Plotting Mean Budget v Mean Success by Year, using ggplot

Similar to the plotly plot, we first grouped the Success Rate and Budget, this time by Year instead of Country

YearBudget<-SpaceExploration%>%
  group_by(Year) %>%
  summarize(YearBudgetMean = mean(`Budget (in Billion $)`))%>%
  ungroup()

YearSuccess<-SpaceExploration%>%
  group_by(Year) %>%
  summarize(YearSuccessMean = mean(`Success Rate (%)`))%>%
  ungroup()

Plot of Mean Budget v Mean Success, by Year

Adding Regression Line

Budget V Success by Year Discussion

This first scatter plot is actually not very helpful. The years are seemingly all over the place with budget and success rate. It is hard to see what the trend may be. When you add the regression line in the second plot, it seems the general trend is that the budgets are getting higher, and the success rates are going down. However, roughly half of the data appears to fall outside of the confidence interval.

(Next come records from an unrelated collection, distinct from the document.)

(* Let $G$ be a connected graph with $n\ge 2$ nodes and diameter $D$, with nonnegative real loads, and run Algorithm 1 (described in the context). If the discrepancy of $G$ at the beginning of some round is $K$, then after that round the potential $p(G)$ has decreased by at least $K^2/(2D)$.
   Context: $G=(V,E)$ is an undirected connected graph, $n=|V|$, $D$ its diameter; each node $u$ holds a load $load(u)\ge 0$ (real). $L_{max},L_{min}$ denote the current maximum and minimum load, the discrepancy is $K=L_{max}-L_{min}$, $L_{avg}$ the average load (invariant under transfers), and the potential is $p(G)=\sum_{u\in V}(load(u)-L_{avg})^2$. Algorithm 1 (single proposal, continuous) proceeds in synchronous rounds; in each round, using the loads at the start of the round: (1) every node $u$ having at least one neighbor with strictly smaller load picks a neighbor $v$ maximizing $load(u)-load(v)$ (ties broken arbitrarily) and sends $v$ a proposal of value $p_{uv}=(load(u)-load(v))/2$; (2) every node that received at least one proposal accepts exactly one proposal of maximum value (ties arbitrary); (3) all accepted transfers are executed simultaneously (each accepted proposal $p_{wu}$ moves $p_{wu}$ from $w$ to $u$), and nodes report their new loads to neighbors. Thus each node gives load in at most one transfer and receives in at most one transfer per round. *)

theory Defs
  imports Complex_Main
begin

definition graph :: "'a set \<Rightarrow> ('a \<Rightarrow> 'a \<Rightarrow> bool) \<Rightarrow> bool" where
  "graph V E \<longleftrightarrow> finite V \<and> (\<forall>u v. E u v \<longrightarrow> u \<in> V \<and> v \<in> V)
     \<and> (\<forall>u v. E u v \<longrightarrow> E v u) \<and> (\<forall>u. \<not> E u u)"

definition walk_len :: "('a \<Rightarrow> 'a \<Rightarrow> bool) \<Rightarrow> nat \<Rightarrow> 'a \<Rightarrow> 'a \<Rightarrow> bool" where
  "walk_len E k u v \<longleftrightarrow> (u, v) \<in> {(x, y). E x y} ^^ k"

definition connected_graph :: "'a set \<Rightarrow> ('a \<Rightarrow> 'a \<Rightarrow> bool) \<Rightarrow> bool" where
  "connected_graph V E \<longleftrightarrow> (\<forall>u\<in>V. \<forall>v\<in>V. \<exists>k. walk_len E k u v)"

definition gdist :: "('a \<Rightarrow> 'a \<Rightarrow> bool) \<Rightarrow> 'a \<Rightarrow> 'a \<Rightarrow> nat" where
  "gdist E u v = (LEAST k. walk_len E k u v)"

definition diameter :: "'a set \<Rightarrow> ('a \<Rightarrow> 'a \<Rightarrow> bool) \<Rightarrow> nat" where
  "diameter V E = Max {gdist E u v | u v. u \<in> V \<and> v \<in> V}"
(* Let $\{r_\xi:\xi<\kappa\}\subseteq[0,1]$ be a (one-to-one) enumeration of a Luzin set, and let $f_\xi:[0,1]\setminus\{r_\xi\}\to[-1,1]$ ($\xi<\kappa$) be any splitting functions. Let $K$ be the split $[0,1]$ (unordered split interval) induced by $(f_\xi)_{\xi<\kappa}$. Then no nonmetrizable compact subspace of any continuous image of $K$ is totally disconnected.
   Context: A Luzin set is an uncountable subset of $\mathbb R$ whose intersection with every nowhere dense subset of $\mathbb R$ is countable. Split $M$ (definition), here with $M=[0,1]$ and $K_\xi=[-1,1]$: given a compact metrizable $M$ without isolated points, compact metrizable $K_\xi$ ($\xi<\kappa$), distinct points $r_\xi\in M$, and continuous $f_\xi:M\setminus\{r_\xi\}\to K_\xi$ ("splitting functions") such that $f_\xi[U\setminus\{r_\xi\}]$ is dense in $K_\xi$ for every open neighbourhood $U$ of $r_\xi$, the split $M$ induced by $(f_\xi)_{\xi<\kappa}$ is the subspace $K$ of $M^{\{*\}}\times\prod_{\xi<\kappa}K_\xi$ consisting of the points $x_{\xi,t}$ ($\xi<\kappa$, $t\in K_\xi$) with $x_{\xi,t}( * )=r_\xi$, $x_{\xi,t}(\xi)=t$, $x_{\xi,t}(\eta)=f_\eta(r_\xi)$ for $\eta\ne\xi$, and the points $x_r$ ($r\in M\setminus\{r_\xi:\xi<\kappa\}$) with $x_r( * )=r$, $x_r(\xi)=f_\xi(r)$ for all $\xi$. *)

theory Defs
  imports "HOL-Analysis.Analysis"
begin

\[ \begin{align*} \text{Model: Mean Success} = \beta_0 + \beta_1 \cdot \text{Mean Budget} + \epsilon \\ \text{Fitted: Mean Success} = \hat{\beta}_0 + \hat{\beta}_1 \cdot \text{Mean Budget} \\ \text{estimate of } \beta_0 = 84.329 \\ \text{estimate of } \beta_1 = -0.3677 \\ \end{align*} \]

Final Discussion

Comparing means can be a helpful way to see trends in data. As we saw, sometimes there can be outliers that skew the data. It is important to look for these before coming to a conclusion. Finding the reason for the outliers could be important, as well, before making any conclusions.

Additionally, we saw that sometimes it can seem rather unhelpful, with the scatter plot of the data looking like it is all over the place. By adding a regression line we can see what the trends are that the data suggest, even when the scatter plot doesn’t seem to tell us anything. When so much of the data lies outside of the confidence interval, it might be wise to be cautious about making any predictions with the data.